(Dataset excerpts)

=======

(* Let $U\ge 1$ users be indexed by $n\in\{1,\dots,U\}$. Fix a duty cycle $d\in(0,1)$, a maximum transmit power $P_t>0$, a noise variance $\sigma^2>0$, and for each user $n$ a harvested energy per unit time $E_n>0$, a channel gain $g_n>0$ and a time on air $T_{a,n}>0$ (the spreading factors, hence the $T_{a,n}$, are fixed). Let $\rho_{m,n}\in[0,1]$ be correlation factors with $\rho_{n,n}=1$. Suppose the packet collision time between users $n$ and $m$ is the worst-case one, $col_{n,m}=\min(T_{a,n},T_{a,m})$, independent of the energy-harvesting times. For powers $p=(p_n)$ define $$\gamma_n=\frac{p_n g_n}{\sum_{m\neq n}\frac{col_{n,m}}{T_{a,m}}\rho_{m,n}\,p_m g_m+\sigma^2},$$ and consider the problem of maximizing $\min_{n}\log(1+\gamma_n)$ over energy-harvesting times $\tau_{e,n}$ and powers $p_n$ subject to $0\le p_n\le P_t$, $0\le p_n\le \tau_{e,n}E_n/T_{a,n}$, and $0\le \tau_{e,n}\le \frac{1-d}{d}T_{a,n}$ for all $n$. Then the optimal energy-harvesting time of each user $n$ is $$\tau_{e,n}=\delta^{(2)}_{n,max}:=\min\!\left(\frac{P_t}{E_n},\frac{1-d}{d}\right)T_{a,n},$$ which is proportional to $T_{a,n}$; i.e. choosing $\tau_{e,n}=\delta^{(2)}_{n,max}$ for all $n$ (with a suitable power allocation) attains the maximum of the problem. Moreover, with this choice the available power after harvesting, $P_{h,n}=\tau_{e,n}E_n/T_{a,n}=\min\!\left(P_t,\frac{1-d}{d}E_n\right)$, is independent of $T_{a,n}$, so the choice of spreading factor has no effect on the energy-harvesting constraint of each user.
   Context: Model: LoRa users transmit uplink to a gateway under a "harvest-then-transmit" protocol. User $n$ first harvests energy for a time $\tau_{e,n}$, obtaining energy $\tau_{e,n}E_n$, then transmits a packet of duration (time on air) $T_{a,n}$; the available power is $P_{h,n}=\tau_{e,n}E_n/T_{a,n}$. The duty-cycle restriction limits the harvesting time to at most the off time $\frac{1-d}{d}T_{a,n}$. The transmit power $p_n$ is limited both by the maximum transmit power $P_t$ and by the available harvested power. The rate of user $n$ is $\log(1+\gamma_n)$ with $\gamma_n$ the SINR defined in the claim. *)

theory Defs
  imports Complex_Main
begin

definition col :: "(nat \<Rightarrow> real) \<Rightarrow> nat \<Rightarrow> nat \<Rightarrow> real" where
  "col Ta n m = min (Ta n) (Ta m)"

definition sinr :: "nat \<Rightarrow> (nat \<Rightarrow> real) \<Rightarrow> (nat \<Rightarrow> nat \<Rightarrow> real) \<Rightarrow> (nat \<Rightarrow> real)
    \<Rightarrow> real \<Rightarrow> (nat \<Rightarrow> real) \<Rightarrow> nat \<Rightarrow> real" where
  "sinr U Ta rho g sigma2 p n =
     p n * g n /
     ((\<Sum>m\<in>{1..U} - {n}. col Ta n m / Ta m * rho m n * p m * g m) + sigma2)"

definition min_rate :: "nat \<Rightarrow> (nat \<Rightarrow> real) \<Rightarrow> (nat \<Rightarrow> nat \<Rightarrow> real) \<Rightarrow> (nat \<Rightarrow> real)
    \<Rightarrow> real \<Rightarrow> (nat \<Rightarrow> real) \<Rightarrow> real" where
  "min_rate U Ta rho g sigma2 p = Min ((\<lambda>n. ln (1 + sinr U Ta rho g sigma2 p n)) ` {1..U})"

definition feasible :: "nat \<Rightarrow> real \<Rightarrow> real \<Rightarrow> (nat \<Rightarrow> real) \<Rightarrow> (nat \<Rightarrow> real)
    \<Rightarrow> (nat \<Rightarrow> real) \<Rightarrow> (nat \<Rightarrow> real) \<Rightarrow> bool" where
  "feasible U d Pt E Ta tau p \<longleftrightarrow>
     (\<forall>n\<in>{1..U}. 0 \<le> p n \<and> p n \<le> Pt \<and> p n \<le> tau n * E n / Ta n
        \<and> 0 \<le> tau n \<and> tau n \<le> (1 - d) / d * Ta n)"

definition delta2_max :: "real \<Rightarrow> real \<Rightarrow> (nat \<Rightarrow> real) \<Rightarrow> (nat \<Rightarrow> real) \<Rightarrow> nat \<Rightarrow> real" where
  "delta2_max d Pt E Ta n = min (Pt / E n) ((1 - d) / d) * Ta n"

end

theory Submission
  imports Defs "HOL-Analysis.Analysis"
begin

text \<open>The objective depends on the powers only, and whatever the harvesting time each
  feasible power of user n lies in [0, min Pt ((1 - d)/d E n)]; harvesting for
  delta2_max makes every power in this box feasible. The continuous min-rate objective
  attains its maximum on the compact box, and that maximiser is optimal among all
  feasible pairs.\<close>

lemma continuous_on_Min_image:
  fixes f :: "'i \<Rightarrow> 'a::topological_space \<Rightarrow> real"
  assumes "finite A" "A \<noteq> {}" "\<And>i. i \<in> A \<Longrightarrow> continuous_on S (f i)"
  shows "continuous_on S (\<lambda>x. Min ((\<lambda>i. f i x) ` A))"
  using assms
proof (induction A rule: finite_ne_induct)
  case (singleton x)
  then show ?case by simp
next
  case (insert a F)
  have "continuous_on S (\<lambda>x. min (f a x) (Min ((\<lambda>i. f i x) ` F)))"
    using insert by (intro continuous_on_min) auto
  then show ?case using insert by (simp add: Min_insert)
qed

lemma delta2_max_harvested_power:
  assumes "0 < E n" "Ta n \<noteq> 0"
  shows "delta2_max d Pt E Ta n * E n / Ta n = min Pt ((1 - d) / d * E n)"
proof -
  have "min (Pt / E n) ((1 - d) / d) * E n = min (Pt / E n * E n) ((1 - d) / d * E n)"
    using assms(1) by (simp add: min_mult_distrib_right)
  then show ?thesis
    using assms by (simp add: delta2_max_def)
qed

lemma feasible_power_le_harvest_bound:
  assumes "feasible U d Pt E Ta tau p" "n \<in> {1..U}" "0 < Ta n" "0 \<le> E n"
  shows "0 \<le> p n \<and> p n \<le> min Pt ((1 - d) / d * E n)"
proof -
  have p: "0 \<le> p n" "p n \<le> Pt" "p n \<le> tau n * E n / Ta n"
    and tau: "tau n \<le> (1 - d) / d * Ta n"
    using assms(1,2) unfolding feasible_def by auto
  have "tau n * E n / Ta n \<le> (1 - d) / d * Ta n * E n / Ta n"
    using tau assms(3,4) by (intro divide_right_mono mult_right_mono) auto
  also have "\<dots> = (1 - d) / d * E n"
    using assms(3) by simp
  finally show ?thesis
    using p by simp
qed

lemma feasible_delta2_max_iff:
  assumes "0 < d" "d \<le> 1" "0 \<le> Pt" "\<forall>n\<in>{1..U}. 0 < E n \<and> 0 < Ta n"
  shows "feasible U d Pt E Ta (delta2_max d Pt E Ta) p \<longleftrightarrow>
         (\<forall>n\<in>{1..U}. 0 \<le> p n \<and> p n \<le> min Pt ((1 - d) / d * E n))"
proof -
  have "0 \<le> delta2_max d Pt E Ta n \<and> delta2_max d Pt E Ta n \<le> (1 - d) / d * Ta n"
    and "delta2_max d Pt E Ta n * E n / Ta n = min Pt ((1 - d) / d * E n)"
    if "n \<in> {1..U}" for n
  proof -
    have E: "0 < E n" and Ta: "0 < Ta n"
      using assms(4) that by auto
    have "0 \<le> min (Pt / E n) ((1 - d) / d)"
      using assms(1-3) E by simp
    then show "0 \<le> delta2_max d Pt E Ta n \<and> delta2_max d Pt E Ta n \<le> (1 - d) / d * Ta n"
      unfolding delta2_max_def using Ta by (intro conjI mult_nonneg_nonneg mult_right_mono) auto
    show "delta2_max d Pt E Ta n * E n / Ta n = min Pt ((1 - d) / d * E n)"
      using E Ta by (intro delta2_max_harvested_power) auto
  qed
  then show ?thesis
    unfolding feasible_def by auto
qed

lemma min_rate_cong:
  assumes "\<And>n. n \<in> {1..U} \<Longrightarrow> p n = q n"
  shows "min_rate U Ta rho g sigma2 p = min_rate U Ta rho g sigma2 q"
  unfolding min_rate_def sinr_def
  using assms by (intro image_cong refl arg_cong[where f = Min] arg_cong[where f = ln]
      arg_cong2[where f = "(+)"] arg_cong2[where f = "(/)"] sum.cong) auto

lemma continuous_on_min_rate:
  assumes "U \<ge> 1" "0 < sigma2"
    and "\<forall>n\<in>{1..U}. 0 \<le> g n \<and> 0 < Ta n"
    and "\<forall>m\<in>{1..U}. \<forall>n\<in>{1..U}. 0 \<le> rho m n"
  shows "continuous_on {p. \<forall>n\<in>{1..U}. 0 \<le> p n} (min_rate U Ta rho g sigma2)"
proof -
  let ?S = "{p. \<forall>n\<in>{1..U}. 0 \<le> p n}"
  have interference_nonneg:
    "0 \<le> (\<Sum>m\<in>{1..U} - {n}. col Ta n m / Ta m * rho m n * p m * g m)"
    if "n \<in> {1..U}" "p \<in> ?S" for n p
  proof (rule sum_nonneg)
    fix m assume "m \<in> {1..U} - {n}"
    then have "0 < Ta m" "0 < Ta n" "0 \<le> g m" "0 \<le> rho m n" "0 \<le> p m"
      using assms(3,4) that by auto
    then show "0 \<le> col Ta n m / Ta m * rho m n * p m * g m"
      by (simp add: col_def)
  qed
  have continuous_coordinate: "continuous_on ?S (\<lambda>p. p m)" for m
    by (rule continuous_on_subset[OF continuous_on_product_coordinates]) auto
  have "continuous_on ?S (\<lambda>p. ln (1 + sinr U Ta rho g sigma2 p n))" if n: "n \<in> {1..U}" for n
  proof -
    have sinr_nonneg: "0 \<le> sinr U Ta rho g sigma2 p n" if "p \<in> ?S" for p
      using interference_nonneg[OF n that] assms(2,3) n that
      unfolding sinr_def by (intro divide_nonneg_pos) auto
    have "continuous_on ?S (\<lambda>p. sinr U Ta rho g sigma2 p n)"
    proof -
      have "(\<Sum>m\<in>{1..U} - {n}. col Ta n m / Ta m * rho m n * p m * g m) + sigma2 \<noteq> 0"
        if "p \<in> ?S" for p
        using interference_nonneg[OF n that] assms(2) by linarith
      then show ?thesis
        unfolding sinr_def by (intro continuous_intros continuous_coordinate ballI)
    qed
    moreover have "1 + sinr U Ta rho g sigma2 p n \<noteq> 0" if "p \<in> ?S" for p
      using sinr_nonneg[OF that] by linarith
    ultimately show ?thesis
      by (intro continuous_intros ballI)
  qed
  then show ?thesis
    unfolding min_rate_def using assms(1) by (intro continuous_on_Min_image) auto
qed

lemma min_rate_attains_max_on_box:
  assumes "U \<ge> 1" "0 < sigma2"
    and "\<forall>n\<in>{1..U}. 0 \<le> g n \<and> 0 < Ta n"
    and "\<forall>m\<in>{1..U}. \<forall>n\<in>{1..U}. 0 \<le> rho m n"
    and "\<forall>n\<in>{1..U}. 0 \<le> P n"
  obtains p where "\<forall>n\<in>{1..U}. 0 \<le> p n \<and> p n \<le> P n"
    and "\<And>q. \<forall>n\<in>{1..U}. 0 \<le> q n \<and> q n \<le> P n \<Longrightarrow>
           min_rate U Ta rho g sigma2 q \<le> min_rate U Ta rho g sigma2 p"
proof -
  \<comment> \<open>Coordinates outside {1..U} are pinned to 0 to make the box compact.\<close>
  define K where "K = PiE UNIV (\<lambda>n. if n \<in> {1..U} then {0..P n} else {0::real})"
  have K_iff: "q \<in> K \<longleftrightarrow> (\<forall>n\<in>{1..U}. 0 \<le> q n \<and> q n \<le> P n) \<and> (\<forall>n. n \<notin> {1..U} \<longrightarrow> q n = 0)"
    for q
    unfolding K_def by (auto simp: PiE_iff)
  have "compactin (product_topology (\<lambda>_. euclidean) UNIV) K"
    unfolding K_def by (subst compactin_PiE) auto
  then have "compact K"
    by (simp add: euclidean_product_topology)
  moreover have "K \<noteq> {}"
    using K_iff[of "\<lambda>_. 0"] assms(5) by auto
  moreover have "continuous_on K (min_rate U Ta rho g sigma2)"
    using continuous_on_min_rate[OF assms(1-4)] by (rule continuous_on_subset) (auto simp: K_iff)
  ultimately obtain p where "p \<in> K"
    and p_max: "\<forall>q\<in>K. min_rate U Ta rho g sigma2 q \<le> min_rate U Ta rho g sigma2 p"
    using continuous_attains_sup by blast
  show ?thesis
  proof
    show "\<forall>n\<in>{1..U}. 0 \<le> p n \<and> p n \<le> P n"
      using \<open>p \<in> K\<close> K_iff by blast
  next
    fix q assume q: "\<forall>n\<in>{1..U}. 0 \<le> q n \<and> q n \<le> P n"
    define q0 where "q0 n = (if n \<in> {1..U} then q n else 0)" for n
    have "min_rate U Ta rho g sigma2 q = min_rate U Ta rho g sigma2 q0"
      by (rule min_rate_cong) (simp add: q0_def)
    also have "\<dots> \<le> min_rate U Ta rho g sigma2 p"
      using p_max q by (auto simp: K_iff q0_def)
    finally show "min_rate U Ta rho g sigma2 q \<le> min_rate U Ta rho g sigma2 p" .
  qed
qed

theorem corollary1:
  fixes U :: nat and d Pt sigma2 :: real
    and E g Ta :: "nat \<Rightarrow> real" and rho :: "nat \<Rightarrow> nat \<Rightarrow> real"
  assumes "U \<ge> 1"
    and "0 < d" "d < 1" "0 < Pt" "0 < sigma2"
    and "\<forall>n\<in>{1..U}. 0 < E n \<and> 0 < g n \<and> 0 < Ta n"
    and "\<forall>m\<in>{1..U}. \<forall>n\<in>{1..U}. 0 \<le> rho m n \<and> rho m n \<le> 1"
    and "\<forall>n\<in>{1..U}. rho n n = 1"
  shows "(\<exists>p. feasible U d Pt E Ta (delta2_max d Pt E Ta) p \<and>
            (\<forall>tau' p'. feasible U d Pt E Ta tau' p' \<longrightarrow>
               min_rate U Ta rho g sigma2 p' \<le> min_rate U Ta rho g sigma2 p))
       \<and> (\<forall>n\<in>{1..U}. delta2_max d Pt E Ta n * E n / Ta n = min Pt ((1 - d) / d * E n))"
proof -
  define P where "P n = min Pt ((1 - d) / d * E n)" for n
  have "\<forall>n\<in>{1..U}. 0 \<le> g n \<and> 0 < Ta n" "\<forall>m\<in>{1..U}. \<forall>n\<in>{1..U}. 0 \<le> rho m n"
    and "\<forall>n\<in>{1..U}. 0 \<le> P n"
    using assms(2-4,6,7) by (auto simp: P_def less_imp_le)
  then obtain p where p_box: "\<forall>n\<in>{1..U}. 0 \<le> p n \<and> p n \<le> P n"
    and p_max: "\<And>q. \<forall>n\<in>{1..U}. 0 \<le> q n \<and> q n \<le> P n \<Longrightarrow>
                  min_rate U Ta rho g sigma2 q \<le> min_rate U Ta rho g sigma2 p"
    using min_rate_attains_max_on_box assms(1,5) by blast
  have "feasible U d Pt E Ta (delta2_max d Pt E Ta) p"
    using p_box assms(2-4,6) by (simp add: feasible_delta2_max_iff P_def)
  moreover have "min_rate U Ta rho g sigma2 p' \<le> min_rate U Ta rho g sigma2 p"
    if "feasible U d Pt E Ta tau' p'" for tau' p'
  proof (intro p_max ballI)
    fix n assume n: "n \<in> {1..U}"
    then have "0 < Ta n" "0 \<le> E n"
      using assms(6) by (auto intro: less_imp_le)
    then show "0 \<le> p' n \<and> p' n \<le> P n"
      unfolding P_def by (rule feasible_power_le_harvest_bound[OF that n])
  qed
  moreover have "\<forall>n\<in>{1..U}. delta2_max d Pt E Ta n * E n / Ta n = min Pt ((1 - d) / d * E n)"
    using assms(6) by (intro ballI delta2_max_harvested_power) fastforce+
  ultimately show ?thesis
    by blast
qed

end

=======

● **What the exercise asks**: State how many lines in the records above contain the word "objective". Write the number alone.

● **Response to this task**: 2